To start, we needed to narrow down which formats JUCE, a C++ audio app/plugin framework, supports for encoding and decoding. The result is a sharply narrowed list:
Ogg Vorbis
FLAC
AIFF
WAV
MP3
In addition, we have wrapped support for WavPack. It is certainly not a popular format, but it is free and open-source. The creators of this format provide a free C SDK which we were able to easily use to extend our list of supported codecs.
And so the next best thing is to write our own container.
With this new found flexibility, we decided to conceptualise something more artist-oriented by supporting not only the codecs that we have available, but images, a large variety of preset metadata, and even potential for specifying a custom subformat and its file structure.
For the latter, this is can be entirely situation dependant, such as easily mapping a SoundFont in a MediaCluster, or even supporting an audio sampler MIDI keyboard layout.
With that, we have the advantage of using JUCE’s String system: metadata can be a mixture of any null-terminated ASCII, UTF8, UTF16 and UTF32.
Creating the tables needing to outline the byte ranges for mapping the various media files into a table is inherently slow and tedious, depending on how many files are going to be contained in a MediaCluster.
You have to use a brute force method of iterating through every piece of media and caching their size. Then, you have to plan out how each piece of media is going to be ordered, caching each starting point and end point.
With hundreds plus files on a subpar computer, this can take upwards of a minute to generate - not ideal for impatient users, which is typically all of them!
I plan on multithreading this using a thread pool, and dividing the pool into jobs per media type found. This should speed up the process by splitting the amount of work per CPU core.
Seeing that it's painstaking to manually register metadata from audio files into a MediaCluster, automating reading the tags prepackaged with each audio file (if any are written) would spare a lot of effort on the user's part.
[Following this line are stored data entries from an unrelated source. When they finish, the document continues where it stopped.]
lemma integral_cube_cos_int_freq:
  fixes m :: "nat \<Rightarrow> int"
  shows "integral\<^sup>L (lborel_pow n) (\<lambda>u. indicator (cube n) u * cos (\<Sum>l<n. u l * of_int (m l)))
       = (if \<forall>l<n. m l = 0 then (2 * pi) ^ n else 0)"
proof -
  interpret product_sigma_finite "\<lambda>_::nat. lborel :: real measure"
    by standard
  define f where "f = (\<lambda>l t. indicator {-pi..pi} t *\<^sub>R exp (\<i> * of_real (t * of_int (m l))))"
  have "set_integrable lborel {-pi..pi} (\<lambda>t. exp (\<i> * of_real (t * of_int (m l))))" for l
    by (intro borel_integrable_atLeastAtMost' continuous_intros)
  then have int_f: "integrable lborel (f l)" for l
    unfolding f_def set_integrable_def .
  have "Re (\<Prod>l<n. f l (u l)) = indicator (cube n) u * cos (\<Sum>l<n. u l * of_int (m l))"
    if "u \<in> space (lborel_pow n)" for u
  proof -
    have "(\<Prod>l<n. f l (u l)) = of_real (\<Prod>l<n. indicator {-pi..pi} (u l))
        * exp (\<Sum>l<n. \<i> * of_real (u l * of_int (m l)))"
      by (simp add: f_def scaleR_conv_of_real prod.distrib exp_sum)
    also have "(\<Prod>l<n. indicator {-pi..pi} (u l) :: real) = indicator (cube n) u"
      using that by (auto simp: cube_def space_PiM PiE_iff indicator_def prod_zero)
    also have "(\<Sum>l<n. \<i> * of_real (u l * of_int (m l))) = \<i> * of_real (\<Sum>l<n. u l * of_int (m l))"
      by (simp add: sum_distrib_left)
    finally have "(\<Prod>l<n. f l (u l)) = of_real (indicator (cube n) u) * cis (\<Sum>l<n. u l * of_int (m l))"
      by (simp only: cis_conv_exp)
    then show ?thesis
      by simp
  qed
  then have "integral\<^sup>L (lborel_pow n) (\<lambda>u. indicator (cube n) u * cos (\<Sum>l<n. u l * of_int (m l)))
      = integral\<^sup>L (lborel_pow n) (\<lambda>u. Re (\<Prod>l<n. f l (u l)))"
    by (intro Bochner_Integration.integral_cong) auto
  also have "\<dots> = Re (\<Prod>l<n. integral\<^sup>L lborel (f l))"
    using int_f by (simp add: integral_Re product_integrable_prod product_integral_prod)
  also have "(\<Prod>l<n. integral\<^sup>L lborel (f l)) = of_real (if \<forall>l<n. m l = 0 then (2 * pi) ^ n else 0)"
    unfolding f_def integral_exp_int_freq by (auto simp: prod_zero_iff)
  finally show ?thesis
    by simp
qed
The downside is that there are many possible metadata formats. There are generic or standardised forms available such as ID3, APE and Vorbis comments, and each with their own many subversions. Even more difficult is parsing the non-standard, per-codec formats, as most of them aren't documented: we have to find and log every single tag by manually checking existing audio files.
Even if we managed to support checking for every type for every codec format, it would be lengthen the time needed to import all of the audio files - making it an even slower process.
If we count the list of possible tags from each metadata format, totalling around 300, that's how many we have to check for every single audio file you want to import. If we theorise this process takes about 3 seconds per audio file on a mid-end computer, and a user imports 100 audio files, we're looking at 300 seconds of processing time for import - or 5 minutes dedicated to parsing and containing audio files in a MediaCluster.
Not all codecs are the same: some don't support APE, and some don't support Vorbis, making the 5 minutes shorter. Regardless, it's added time and effort in processing.
Like the previously noted challenge, importing audio files and/or parsing the tags can likely be turned into a multithreaded process.